Additionally, the protein contents of the co-cultured microglia provided strong evidence that when microglia prune synapses, they predominantly prune the side that sends a signal and not the side that receives one. This insight could be useful for understanding how microglia interact with synapses in health and disease.

The researchers also gained insights into a key metabolic pathway that occurs inside of microglia. In excess, the molecule quinolinic acid can be toxic to neurons; it is implicated as involved in many neurodegenerative diseases. However, cells can use quinolinic acid to make NAD+, a molecule broadly used to carry out essential cellular functions. Microglia are the only brain cells that generate NAD+. Wogram and colleagues found that key steps in this process occur in phagosomes. Phagosomes are therefore necessary both for removing excess quinolinic acid to prevent toxicity and for helping to generate NAD+ in the brain.

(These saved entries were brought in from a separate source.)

lemma spos_add:
  fixes a b :: "'g::linorder \<Rightarrow> 'k::linordered_field"
  assumes "anti_wo_supp a" "anti_wo_supp b" "spos (<) a" "spos (<) b"
  shows "spos (<) (a + b)"
proof -
  define va vb where "va = val (<) a" and "vb = val (<) b"
  have a: "\<forall>x\<in>supp a. x \<le> va" "0 < a va" and b: "\<forall>x\<in>supp b. x \<le> vb" "0 < b vb"
    using assms val_max[of a] val_max[of b] unfolding va_def vb_def spos_def supp_eq_empty_iff
    by auto
  have a_above: "a y = 0" if "va < y" for y using a(1) that by (auto simp: supp_def not_le[symmetric])
  have b_above: "b y = 0" if "vb < y" for y using b(1) that by (auto simp: supp_def not_le[symmetric])
  define m where "m = max va vb"
  have pos: "0 < a m + b m"
  proof (cases va vb rule: linorder_cases)
    case less
    then have "m = vb" "a vb = 0" using a_above by (simp_all add: m_def)
    then show ?thesis using b(2) by simp
  next
    case equal
    then show ?thesis using a(2) b(2) by (simp add: m_def)
  next
    case greater
    then have "m = va" "b va = 0" using b_above by (simp_all add: m_def)
    then show ?thesis using a(2) by simp
  qed
  have "x \<le> m" if "x \<in> supp (a + b)" for x
  proof -
    have "x \<in> supp a \<or> x \<in> supp b" using that supp_add[of a b] by blast
    then have "x \<le> va \<or> x \<le> vb" using a(1) b(1) by blast
    then show ?thesis by (simp add: m_def le_max_iff_disj)
  qed
  then have "\<forall>x\<in>supp (a + b). x \<le> m" by blast
  moreover have "m \<in> supp (a + b)" using pos by (simp add: supp_def)
  ultimately have "val (<) (a + b) = m" by (rule val_linorder_eqI[rotated])
  then show ?thesis using pos \<open>m \<in> supp (a + b)\<close> by (auto simp: spos_def)
qed

lemma sless_trans:
  fixes a b c :: "'g::linorder \<Rightarrow> 'k::linordered_field"
  assumes "anti_wo_supp a" "anti_wo_supp b" "anti_wo_supp c" "sless (<) a b" "sless (<) b c"
  shows "sless (<) a c"
proof -
  have "spos (<) ((c - b) + (b - a))"
    using assms by (intro spos_add anti_wo_supp_diff) (simp_all add: sless_def)
  then show ?thesis by (simp add: sless_def)
qed

lemma sless_trichotomy:
  fixes a b :: "'g::linorder \<Rightarrow> 'k::linordered_field"
  assumes "anti_wo_supp a" "anti_wo_supp b"
  shows "a = b \<or> sless (<) a b \<or> sless (<) b a"
  using spos_cases[OF anti_wo_supp_diff[OF assms(2,1)]] by (auto simp: sless_def)

text \<open>This is the mechanism behind the last claim of lemma8, applied
  over the index set G^#.\<close>
lemma sless_sabs_below_leading:
  fixes f L :: "'a \<Rightarrow> 'k::linordered_field"
  assumes asym: "\<And>x y. lt x y \<Longrightarrow> \<not> lt y x"
    and total: "\<And>x y. x \<in> X \<Longrightarrow> y \<in> X \<Longrightarrow> x = y \<or> lt x y \<or> lt y x"
    and supps: "supp f \<union> supp L \<subseteq> X"
    and lead: "\<beta> \<in> supp f" "\<forall>x\<in>supp f. \<not> lt \<beta> x"
    and below: "\<forall>y\<in>supp L. lt y \<beta>"
  shows "sless lt L (sabs lt f)"
proof -
  define D where "D = sabs lt f - L"
  have val_f: "val lt f = \<beta>"
  proof (rule val_eqI)
    show "\<And>x y. x \<in> supp f \<Longrightarrow> y \<in> supp f \<Longrightarrow> x = y \<or> lt x y \<or> lt y x"
      using total supps by blast
  qed (use lead in blast)+
  have L_at: "L \<beta> = 0" using below asym[of \<beta> \<beta>] by (auto simp: supp_def)
  have supp_sabs: "supp (sabs lt f) = supp f" by (simp add: sabs_def)
  have D_at: "0 < D \<beta>" using sabs_at_val_pos[of lt f] lead(1) L_at by (simp add: D_def val_f)
  then have in_D: "\<beta> \<in> supp D" by (simp add: supp_def)
  have supp_D: "supp D \<subseteq> supp f \<union> supp L" using supp_diff[of "sabs lt f" L] supp_sabs
    by (simp add: D_def)
  have val_D: "val lt D = \<beta>"
  proof (rule val_eqI)
    show "\<And>x y. x \<in> supp D \<Longrightarrow> y \<in> supp D \<Longrightarrow> x = y \<or> lt x y \<or> lt y x"
      using total supps supp_D by blast
    show "\<forall>y\<in>supp D. \<not> lt \<beta> y" using supp_D lead(2) below asym by blast
  qed (rule in_D)
  have "spos lt D" unfolding spos_def using in_D D_at val_D by auto
  then show ?thesis by (simp add: sless_def D_def)
qed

Finally, Wogram used brain tissues to compare phagosomes from within a tumor to those in the surrounding healthy tissue. The phagosomes in the tumor contained excess quinolinic acid. Although follow-up studies would be needed to confirm the results, these findings are consistent with research that suggests cancer cells use quinolinic acid to fuel their growth.

Collectively, these findings illuminate aspects of phagosome biology and the roles that phagosomes may play in normal brain development and maintenance, as well as in cancer and neurodegeneration. The researchers also anticipate that their method could prove useful for profiling other organelles, especially when the organelles need to be rapidly isolated from human tissue.